From the remaining numbers, following said "OC" number and initially
mistaken for numbers coding successive displacements: {08, 08, 38, 18, 38,
28, 2F, 38, 0, ...} the first "0" can be identified as a filler 17 and be ignored.
The others numbers, or instead their corresponding numbers, in initial form,
before the reintroduction of "0" and "8": {31, 32, 2F, 30, ...} can from now
on be considered as pertaining to a second type sub-sequence 12. They can
be decompressed/copied as: "12/0...", until a new first control character 13 is
found, indicative of the beginning of a new first type coded sub-sequence
11a and thus also of the end of said second type sub-sequence 12.
Figure 5 shows a possible embodiment of a compression method 30.
Said compression method 30 starts with a parsing step 31. Next comes a
coding step 33, followed by a copying step 40. The compression method 30
may end with an optional inserting a checksum step 41.
An optional checking step 32 may be inserted between the parsing
step 31 and the coding step 33.
The coding step 33 is further parted into a step of coding 34 the initial
character, a step of coding 35 each following character and a step of ending
the coding 39.
The step of coding 35 each following character is further parted into a
determining 36 a first coordinate step, a determining 37 a second coordinate
step and a concatenate 38 step.
The disclosure also concerns a compressor device 50 comprising
means for compressing a string of text characters into a compressed
sequence 3 according to any one of the above described embodiments of the
compressing method.
As illustrated in figure 6, such a compressor device 50 comprises a
parser 51, an optional checker 52, a coder 53, a copier 60 and an optional
inserter 61. Said coder 53 further comprises a first sub-coder 54, a second
sub-coder 55 and a third sub-coder 59. Said second sub-coder 55 further
comprises a first determiner 56, a second determiner 57 and a concatener
58.
Figure 7 shows a possible embodiment of a decompression method 70.

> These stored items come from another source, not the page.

lemma eval_z1_power [simp]: "finite_z F \<Longrightarrow> eval_z1 (F ^ k) = eval_z1 F ^ k"
  by (induction k) simp_all

lemma eval_z1_prod:
  "(\<And>j. j \<in> A \<Longrightarrow> finite_z (f j)) \<Longrightarrow> eval_z1 (\<Prod>j\<in>A. f j) = (\<Prod>j\<in>A. eval_z1 (f j))"
  by (induction A rule: infinite_finite_induct) simp_all

lemma finite_z_inverse:
  fixes G :: "'a::field fls fps"
  assumes "finite_z G" "G $ 0 = 1"
  shows "finite_z (inverse G)"
proof -
  define H where "H = inverse G"
  have HG: "H * G = 1"
    unfolding H_def by (rule inverse_mult_eq_1) (use assms in simp)
  have "fls_finite_supp (H $ k)" for k
  proof (induction k rule: less_induct)
    case (less k)
    show ?case
    proof (cases k)
      case 0
      then show ?thesis
        using assms by (simp add: H_def)
    next
      case (Suc k')
      have "0 = (H * G) $ k"
        using HG Suc by simp
      also have "\<dots> = H $ k + (\<Sum>i<k. H $ i * G $ (k - i))"
        using assms(2) by (simp add: fps_mult_nth atLeast0AtMost lessThan_Suc_atMost[symmetric])
      finally have "H $ k = - (\<Sum>i<k. H $ i * G $ (k - i))"
        by (simp add: eq_neg_iff_add_eq_0)
      moreover have "fls_finite_supp (\<Sum>i<k. H $ i * G $ (k - i))"
        using less assms(1) by (intro fls_finite_supp_sum fls_eval_one_mult) (auto simp: finite_z_def)
      ultimately show ?thesis
        by simp
    qed
  qed
  then show ?thesis
    by (simp add: finite_z_def H_def)
qed

lemma finite_z_divide:
  fixes F G :: "'a::field fls fps"
  shows "finite_z F \<Longrightarrow> finite_z G \<Longrightarrow> G $ 0 = 1 \<Longrightarrow> finite_z (F / G)"
  by (simp add: fps_divide_unit finite_z_inverse)

lemma eval_z1_nonzero:
  assumes "F $ 0 = 1"
  shows "eval_z1 F \<noteq> 0"
proof
  assume "eval_z1 F = 0"
  then have "eval_z1 F $ 0 = 0"
    by simp
  with assms show False
    by simp
qed

lemma eval_z1_divide:
  fixes F G :: "'a::field fls fps"
  assumes "finite_z F" "finite_z G" "G $ 0 = 1"
  shows "eval_z1 (F / G) = eval_z1 F / eval_z1 G"
proof -
  have "F / G * G = F"
    using assms(3) by (simp add: fps_divide_unit mult.assoc inverse_mult_eq_1)
  moreover have "eval_z1 (F / G * G) = eval_z1 (F / G) * eval_z1 G"
    by (rule eval_z1_mult[OF finite_z_divide[OF assms] assms(2)])
  moreover have "eval_z1 G \<noteq> 0"
    using assms(3) by (rule eval_z1_nonzero)
  ultimately show ?thesis
    using nonzero_mult_div_cancel_right[of "eval_z1 G" "eval_z1 (F / G)"] by simp
qed

lemma zvar_inverse: "inverse zvar = fps_const fls_X_inv"
  by (simp add: zvar_def fps_const_inverse fls_inverse_X)

lemma theta_z_zvar [simp]: "theta_z zvar = zvar"
  by (simp add: zvar_def fls_theta_def)

lemma theta_z_zvar_inverse [simp]: "theta_z (inverse zvar) = - inverse zvar"
proof -
  have "fls_theta fls_X_inv = - (fls_X_inv :: rat fls)"
    by (rule fls_eqI) simp
  then show ?thesis
    by (simp add: zvar_inverse fps_const_neg)
qed

lemma finite_z_zvar [simp]: "finite_z zvar" "finite_z (inverse zvar)"
  by (simp add: zvar_def) (simp add: zvar_inverse)

lemma eval_z1_zvar [simp]: "eval_z1 zvar = 1" "eval_z1 (inverse zvar) = 1"
  by (simp add: zvar_def) (simp add: zvar_inverse)


section \<open>Second moments of quotients by \<open>z \<leftrightarrow> z\<inverse>\<close> symmetric products\<close>

lemma eval_z1_theta_z_mult:
  "finite_z F \<Longrightarrow> finite_z G \<Longrightarrow>
     eval_z1 (theta_z (F * G)) = eval_z1 (theta_z F) * eval_z1 G + eval_z1 F * eval_z1 (theta_z G)"
  by (simp add: theta_z_mult)

lemma eval_z1_theta_z2_mult:
  assumes "finite_z F" "finite_z G" "eval_z1 (theta_z F) = 0" "eval_z1 (theta_z G) = 0"
  shows "eval_z1 (theta_z (theta_z (F * G))) =
           eval_z1 (theta_z (theta_z F)) * eval_z1 G + eval_z1 F * eval_z1 (theta_z (theta_z G))"
  using assms
  by (simp only: theta_z_mult theta_z_add eval_z1_add eval_z1_mult finite_z_mult finite_z_add
      finite_z_theta_z) simp

lemma eval_z1_theta_z2_divide:
  fixes A B :: "'a::field fls fps"
  assumes A: "finite_z A" "theta_z A = 0"
    and B: "finite_z B" "B $ 0 = 1" "eval_z1 (theta_z B) = 0"
      "eval_z1 (theta_z (theta_z B)) = - 2 * eval_z1 B * S"
  shows "eval_z1 (theta_z (theta_z (A / B))) = 2 * eval_z1 (A / B) * S"
proof -
  define F where "F = A / B"
  have F: "finite_z F" "F * B = A"
    using A B by (simp add: F_def finite_z_divide)
      (simp add: F_def B fps_divide_unit mult.assoc inverse_mult_eq_1)
  have "eval_z1 (theta_z F) * eval_z1 B = 0"
    using eval_z1_theta_z_mult[OF F(1) B(1)] A B F by simp
  then have F1: "eval_z1 (theta_z F) = 0"
    using eval_z1_nonzero[OF B(2)] by simp
  have "0 = eval_z1 (theta_z (theta_z (F * B)))"
    using A F by simp
  also have "\<dots> = eval_z1 B * (eval_z1 (theta_z (theta_z F)) - 2 * eval_z1 F * S)"
    by (subst eval_z1_theta_z2_mult[OF F(1) B(1) F1 B(3)]) (simp add: B(4) algebra_simps)
  finally show ?thesis
    using eval_z1_nonzero[OF B(2)] by (simp add: F_def)
qed

lemma theta_z_qpoch [simp]: "theta_z a = 0 \<Longrightarrow> theta_z (qpoch a s K) = 0"
  unfolding qpoch_def by (rule theta_z_prod_eq_0) (simp add: theta_z_mult theta_z_power_eq_0)

lemma finite_z_qpoch [simp]: "finite_z a \<Longrightarrow> finite_z (qpoch a s K)"
  by (simp add: qpoch_def)

lemma eval_z1_qpoch [simp]: "finite_z a \<Longrightarrow> eval_z1 (qpoch a s K) = qpoch (eval_z1 a) s K"
  by (simp add: qpoch_def eval_z1_prod)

Said decompression method 70 starts with an extracting step 71. Next comes
a decoding step 72, followed by a keeping step 83. The compression method
70 may end with a copying step 84.
The extracting step 71 and the decoding step 72 may further be
parted into a copying 73 an initial character step, a preprocessing step 74
and a decoding 80 following numbers step.
The preprocessing step 74 is further parted into a separating step 75,
a first inserting step 76, a second inserting step 77, a third inserting step 78
and a fourth inserting step 79.
The decoding step 80 is further parted into a starting step 81 and a
repeating step 82.
The disclosure also concerns a decompressor device (90) comprising
means for decompressing a compressed sequence (3) into a string of
characters according to any one of the above described embodiments of the
decompressing method.
As illustrated in figure 8, such a decompressor device 90 comprises an
extractor/decoder 91, a keeper 103 and a copier 104. Said extractor/decoder
91 further comprises a sub-copier 93, a preprocessor 94 and a sub-decoder
100. Said sub-decoder 100 further comprises a starter 101 and a repeater
102. Said preprocessor 94 further comprises a separator 95, a first insertor
96, a second insertor 97, a third insertor 98 and a fourth insertor 99.
The previously described compression and decompression methods
can be used according to three embodiments, providing decreasing
compression ratios/benefits.
According to a first embodiment, named X, a first type sub-sequence 7
is coded using a relative coding table 20 and no checksum is added. Said
embodiment provides the highest compression ratio but is less secure.
According to a second embodiment, named Y, a first type sub
sequence 7 is coded using a relative coding table 20 and a checksum 18 is
added. Said embodiment provides a lesser compression ratio but is more
secure, since said checksum 18 may allow detecting an error.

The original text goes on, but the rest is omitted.